## [Exercise material]
• • • •
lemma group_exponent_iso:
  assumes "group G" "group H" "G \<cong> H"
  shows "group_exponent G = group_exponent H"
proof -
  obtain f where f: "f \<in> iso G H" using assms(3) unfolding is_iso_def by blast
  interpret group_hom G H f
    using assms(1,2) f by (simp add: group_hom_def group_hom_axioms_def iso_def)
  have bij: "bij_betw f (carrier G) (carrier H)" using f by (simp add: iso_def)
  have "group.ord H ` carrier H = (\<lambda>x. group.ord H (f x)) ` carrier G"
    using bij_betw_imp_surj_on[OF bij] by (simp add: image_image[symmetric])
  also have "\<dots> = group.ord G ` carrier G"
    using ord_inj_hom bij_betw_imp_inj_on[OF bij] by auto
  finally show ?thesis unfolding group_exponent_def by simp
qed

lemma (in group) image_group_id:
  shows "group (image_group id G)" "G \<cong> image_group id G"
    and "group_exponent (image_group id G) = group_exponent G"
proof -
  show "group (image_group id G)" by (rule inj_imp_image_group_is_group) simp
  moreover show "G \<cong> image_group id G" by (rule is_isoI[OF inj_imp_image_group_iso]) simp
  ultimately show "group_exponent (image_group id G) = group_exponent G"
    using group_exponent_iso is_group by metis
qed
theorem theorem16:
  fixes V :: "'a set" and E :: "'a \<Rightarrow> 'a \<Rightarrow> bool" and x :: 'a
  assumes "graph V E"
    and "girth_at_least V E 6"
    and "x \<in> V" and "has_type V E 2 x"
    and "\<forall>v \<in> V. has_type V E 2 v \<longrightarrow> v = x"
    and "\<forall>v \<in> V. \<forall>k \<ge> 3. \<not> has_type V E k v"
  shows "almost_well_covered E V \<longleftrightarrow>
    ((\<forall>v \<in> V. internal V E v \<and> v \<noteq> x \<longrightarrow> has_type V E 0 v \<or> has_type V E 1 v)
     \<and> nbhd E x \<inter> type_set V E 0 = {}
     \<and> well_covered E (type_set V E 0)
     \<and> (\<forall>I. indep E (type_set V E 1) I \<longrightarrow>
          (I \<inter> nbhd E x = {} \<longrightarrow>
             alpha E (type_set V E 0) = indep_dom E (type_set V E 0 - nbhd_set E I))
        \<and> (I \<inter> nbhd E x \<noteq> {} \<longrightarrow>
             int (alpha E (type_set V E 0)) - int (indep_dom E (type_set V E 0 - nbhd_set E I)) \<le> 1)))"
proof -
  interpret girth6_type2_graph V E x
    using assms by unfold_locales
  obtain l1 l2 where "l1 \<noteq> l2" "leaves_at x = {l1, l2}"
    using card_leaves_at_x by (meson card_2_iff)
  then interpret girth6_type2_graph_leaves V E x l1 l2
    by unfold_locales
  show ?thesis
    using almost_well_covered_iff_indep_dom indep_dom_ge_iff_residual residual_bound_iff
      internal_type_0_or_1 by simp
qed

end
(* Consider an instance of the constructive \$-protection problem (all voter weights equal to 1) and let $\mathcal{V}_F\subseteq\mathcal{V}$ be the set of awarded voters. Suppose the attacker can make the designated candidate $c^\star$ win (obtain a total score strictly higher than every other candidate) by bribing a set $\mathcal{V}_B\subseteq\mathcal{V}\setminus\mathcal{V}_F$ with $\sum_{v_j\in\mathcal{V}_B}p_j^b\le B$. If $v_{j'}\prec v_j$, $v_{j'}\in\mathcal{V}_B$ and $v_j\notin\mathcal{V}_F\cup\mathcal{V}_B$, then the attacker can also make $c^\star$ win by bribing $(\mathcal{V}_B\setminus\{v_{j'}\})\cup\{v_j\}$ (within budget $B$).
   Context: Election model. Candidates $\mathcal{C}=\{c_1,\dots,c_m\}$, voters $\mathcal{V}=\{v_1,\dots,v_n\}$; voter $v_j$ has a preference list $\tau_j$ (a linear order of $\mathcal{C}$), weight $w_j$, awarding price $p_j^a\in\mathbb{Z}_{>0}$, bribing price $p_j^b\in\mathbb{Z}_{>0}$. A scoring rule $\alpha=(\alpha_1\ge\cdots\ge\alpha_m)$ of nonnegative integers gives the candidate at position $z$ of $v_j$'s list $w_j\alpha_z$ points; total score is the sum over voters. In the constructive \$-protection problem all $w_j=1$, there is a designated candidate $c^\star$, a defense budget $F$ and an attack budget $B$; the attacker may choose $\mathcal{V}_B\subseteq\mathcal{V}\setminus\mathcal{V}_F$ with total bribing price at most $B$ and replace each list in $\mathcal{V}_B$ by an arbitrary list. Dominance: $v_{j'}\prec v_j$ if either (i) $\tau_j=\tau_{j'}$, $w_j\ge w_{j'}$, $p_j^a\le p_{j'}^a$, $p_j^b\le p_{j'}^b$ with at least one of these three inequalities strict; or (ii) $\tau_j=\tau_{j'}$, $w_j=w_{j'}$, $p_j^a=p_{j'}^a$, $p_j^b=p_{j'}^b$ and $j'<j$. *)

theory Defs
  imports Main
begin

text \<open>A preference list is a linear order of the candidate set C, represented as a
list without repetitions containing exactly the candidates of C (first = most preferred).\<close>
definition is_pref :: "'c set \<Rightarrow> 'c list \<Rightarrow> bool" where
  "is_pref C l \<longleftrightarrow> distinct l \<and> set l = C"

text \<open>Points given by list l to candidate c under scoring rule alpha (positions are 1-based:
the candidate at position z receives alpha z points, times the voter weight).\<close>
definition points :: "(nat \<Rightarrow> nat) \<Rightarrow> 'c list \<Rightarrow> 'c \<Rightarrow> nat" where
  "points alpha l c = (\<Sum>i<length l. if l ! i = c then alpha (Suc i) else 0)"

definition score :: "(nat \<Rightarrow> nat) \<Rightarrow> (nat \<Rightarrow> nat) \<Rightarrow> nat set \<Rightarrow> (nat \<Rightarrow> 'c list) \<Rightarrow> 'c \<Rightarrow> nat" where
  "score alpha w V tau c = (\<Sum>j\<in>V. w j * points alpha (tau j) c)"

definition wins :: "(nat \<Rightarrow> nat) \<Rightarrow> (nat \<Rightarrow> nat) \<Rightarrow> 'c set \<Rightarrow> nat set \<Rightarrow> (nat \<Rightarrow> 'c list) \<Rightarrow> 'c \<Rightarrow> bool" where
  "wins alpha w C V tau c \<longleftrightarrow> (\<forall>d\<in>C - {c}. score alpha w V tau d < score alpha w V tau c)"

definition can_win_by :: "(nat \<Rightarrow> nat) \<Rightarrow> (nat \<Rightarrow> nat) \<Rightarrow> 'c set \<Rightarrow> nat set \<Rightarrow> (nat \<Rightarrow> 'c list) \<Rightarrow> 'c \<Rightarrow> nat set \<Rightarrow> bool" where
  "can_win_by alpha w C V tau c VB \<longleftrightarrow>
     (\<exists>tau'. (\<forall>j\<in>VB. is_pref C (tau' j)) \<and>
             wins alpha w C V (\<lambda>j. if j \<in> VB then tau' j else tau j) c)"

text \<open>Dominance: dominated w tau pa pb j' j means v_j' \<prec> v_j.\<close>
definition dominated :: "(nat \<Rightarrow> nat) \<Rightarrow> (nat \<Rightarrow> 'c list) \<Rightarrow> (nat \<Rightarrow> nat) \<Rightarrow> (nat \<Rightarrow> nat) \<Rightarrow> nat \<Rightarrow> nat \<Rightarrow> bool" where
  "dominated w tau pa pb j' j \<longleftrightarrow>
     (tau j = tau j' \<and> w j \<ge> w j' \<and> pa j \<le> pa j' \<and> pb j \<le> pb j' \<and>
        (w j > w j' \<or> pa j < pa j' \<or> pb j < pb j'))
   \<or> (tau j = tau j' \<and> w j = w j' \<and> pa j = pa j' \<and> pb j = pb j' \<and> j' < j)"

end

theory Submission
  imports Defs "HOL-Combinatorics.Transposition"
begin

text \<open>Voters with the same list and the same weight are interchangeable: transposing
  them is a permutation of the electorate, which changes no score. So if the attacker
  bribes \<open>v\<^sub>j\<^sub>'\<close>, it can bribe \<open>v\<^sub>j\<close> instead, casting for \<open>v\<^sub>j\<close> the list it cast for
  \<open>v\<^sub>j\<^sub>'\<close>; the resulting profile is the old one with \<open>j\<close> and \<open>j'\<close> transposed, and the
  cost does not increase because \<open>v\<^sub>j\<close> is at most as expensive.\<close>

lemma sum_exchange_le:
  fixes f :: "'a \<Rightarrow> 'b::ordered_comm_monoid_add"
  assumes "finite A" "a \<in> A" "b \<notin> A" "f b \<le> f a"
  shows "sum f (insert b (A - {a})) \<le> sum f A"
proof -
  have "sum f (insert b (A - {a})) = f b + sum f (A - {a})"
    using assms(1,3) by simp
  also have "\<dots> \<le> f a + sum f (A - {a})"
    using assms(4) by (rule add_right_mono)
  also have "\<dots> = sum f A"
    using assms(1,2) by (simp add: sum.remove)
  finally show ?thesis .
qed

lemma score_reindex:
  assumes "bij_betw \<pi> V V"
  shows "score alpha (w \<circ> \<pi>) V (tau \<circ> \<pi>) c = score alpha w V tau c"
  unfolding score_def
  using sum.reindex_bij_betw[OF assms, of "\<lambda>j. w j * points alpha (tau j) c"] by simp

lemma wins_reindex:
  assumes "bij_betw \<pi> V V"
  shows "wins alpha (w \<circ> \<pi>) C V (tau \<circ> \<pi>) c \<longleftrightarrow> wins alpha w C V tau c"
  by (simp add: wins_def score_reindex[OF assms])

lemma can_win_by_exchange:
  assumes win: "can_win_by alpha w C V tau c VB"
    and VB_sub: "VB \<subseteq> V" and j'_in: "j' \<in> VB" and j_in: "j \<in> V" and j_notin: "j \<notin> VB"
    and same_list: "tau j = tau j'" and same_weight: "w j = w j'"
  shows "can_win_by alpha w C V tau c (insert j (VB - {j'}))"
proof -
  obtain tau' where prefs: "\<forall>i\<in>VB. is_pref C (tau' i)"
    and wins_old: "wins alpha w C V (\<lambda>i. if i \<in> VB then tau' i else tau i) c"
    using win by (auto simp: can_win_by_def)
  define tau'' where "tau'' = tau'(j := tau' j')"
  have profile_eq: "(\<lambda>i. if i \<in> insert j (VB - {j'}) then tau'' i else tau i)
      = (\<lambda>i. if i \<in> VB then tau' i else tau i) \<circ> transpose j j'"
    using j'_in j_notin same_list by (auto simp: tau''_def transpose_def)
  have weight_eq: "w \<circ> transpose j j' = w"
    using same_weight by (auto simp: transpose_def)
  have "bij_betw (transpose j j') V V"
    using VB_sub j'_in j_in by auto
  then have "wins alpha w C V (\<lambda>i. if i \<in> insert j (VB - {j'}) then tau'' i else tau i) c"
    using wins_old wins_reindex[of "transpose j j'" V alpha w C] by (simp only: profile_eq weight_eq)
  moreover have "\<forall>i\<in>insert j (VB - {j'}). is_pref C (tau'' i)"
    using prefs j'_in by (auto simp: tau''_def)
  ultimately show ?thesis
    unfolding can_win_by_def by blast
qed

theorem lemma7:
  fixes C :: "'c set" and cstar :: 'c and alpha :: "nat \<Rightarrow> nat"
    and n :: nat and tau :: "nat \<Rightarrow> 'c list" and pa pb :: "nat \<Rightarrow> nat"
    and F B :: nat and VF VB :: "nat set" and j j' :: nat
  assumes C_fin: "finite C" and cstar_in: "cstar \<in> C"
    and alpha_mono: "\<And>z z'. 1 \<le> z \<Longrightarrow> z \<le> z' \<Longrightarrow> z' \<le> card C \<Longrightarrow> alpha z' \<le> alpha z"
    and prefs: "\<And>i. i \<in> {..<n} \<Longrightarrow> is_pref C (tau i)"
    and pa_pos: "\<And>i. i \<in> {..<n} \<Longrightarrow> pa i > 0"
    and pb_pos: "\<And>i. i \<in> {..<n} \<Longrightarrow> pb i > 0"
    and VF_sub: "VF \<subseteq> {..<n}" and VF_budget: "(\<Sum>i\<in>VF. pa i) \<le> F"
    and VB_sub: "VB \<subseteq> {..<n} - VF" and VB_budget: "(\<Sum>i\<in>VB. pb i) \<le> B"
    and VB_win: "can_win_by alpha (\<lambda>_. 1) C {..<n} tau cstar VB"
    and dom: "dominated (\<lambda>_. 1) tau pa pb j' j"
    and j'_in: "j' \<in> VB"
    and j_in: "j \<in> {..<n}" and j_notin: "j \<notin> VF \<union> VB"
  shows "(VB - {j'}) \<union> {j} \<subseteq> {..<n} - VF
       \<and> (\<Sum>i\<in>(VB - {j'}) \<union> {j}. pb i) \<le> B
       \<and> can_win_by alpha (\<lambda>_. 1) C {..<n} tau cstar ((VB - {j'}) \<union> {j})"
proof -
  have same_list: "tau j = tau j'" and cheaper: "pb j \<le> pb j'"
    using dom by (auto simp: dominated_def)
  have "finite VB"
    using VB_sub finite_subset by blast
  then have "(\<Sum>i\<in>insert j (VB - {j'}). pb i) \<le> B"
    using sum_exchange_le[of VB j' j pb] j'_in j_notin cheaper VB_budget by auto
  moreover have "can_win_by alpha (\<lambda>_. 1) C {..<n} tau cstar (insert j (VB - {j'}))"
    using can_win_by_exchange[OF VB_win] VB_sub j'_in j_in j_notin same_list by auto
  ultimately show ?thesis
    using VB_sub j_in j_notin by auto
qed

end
• • • •
## [What you are asked to do]
Exactly those lines that run from the start of the listing to the line containing "using assms by unfold_locales" should be output, and no others.

## [Task response]
lemma group_exponent_iso:
  assumes "group G" "group H" "G \<cong> H"
  shows "group_exponent G = group_exponent H"
proof -
  obtain f where f: "f \<in> iso G H" using assms(3) unfolding is_iso_def by blast
  interpret group_hom G H f
    using assms(1,2) f by (simp add: group_hom_def group_hom_axioms_def iso_def)
  have bij: "bij_betw f (carrier G) (carrier H)" using f by (simp add: iso_def)
  have "group.ord H ` carrier H = (\<lambda>x. group.ord H (f x)) ` carrier G"
    using bij_betw_imp_surj_on[OF bij] by (simp add: image_image[symmetric])
  also have "\<dots> = group.ord G ` carrier G"
    using ord_inj_hom bij_betw_imp_inj_on[OF bij] by auto
  finally show ?thesis unfolding group_exponent_def by simp
qed

lemma (in group) image_group_id:
  shows "group (image_group id G)" "G \<cong> image_group id G"
    and "group_exponent (image_group id G) = group_exponent G"
proof -
  show "group (image_group id G)" by (rule inj_imp_image_group_is_group) simp
  moreover show "G \<cong> image_group id G" by (rule is_isoI[OF inj_imp_image_group_iso]) simp
  ultimately show "group_exponent (image_group id G) = group_exponent G"
    using group_exponent_iso is_group by metis
qed
theorem theorem16:
  fixes V :: "'a set" and E :: "'a \<Rightarrow> 'a \<Rightarrow> bool" and x :: 'a
  assumes "graph V E"
    and "girth_at_least V E 6"
    and "x \<in> V" and "has_type V E 2 x"
    and "\<forall>v \<in> V. has_type V E 2 v \<longrightarrow> v = x"
    and "\<forall>v \<in> V. \<forall>k \<ge> 3. \<not> has_type V E k v"
  shows "almost_well_covered E V \<longleftrightarrow>
    ((\<forall>v \<in> V. internal V E v \<and> v \<noteq> x \<longrightarrow> has_type V E 0 v \<or> has_type V E 1 v)
     \<and> nbhd E x \<inter> type_set V E 0 = {}
     \<and> well_covered E (type_set V E 0)
     \<and> (\<forall>I. indep E (type_set V E 1) I \<longrightarrow>
          (I \<inter> nbhd E x = {} \<longrightarrow>
             alpha E (type_set V E 0) = indep_dom E (type_set V E 0 - nbhd_set E I))
        \<and> (I \<inter> nbhd E x \<noteq> {} \<longrightarrow>
             int (alpha E (type_set V E 0)) - int (indep_dom E (type_set V E 0 - nbhd_set E I)) \<le> 1)))"
proof -
  interpret girth6_type2_graph V E x
    using assms by unfold_locales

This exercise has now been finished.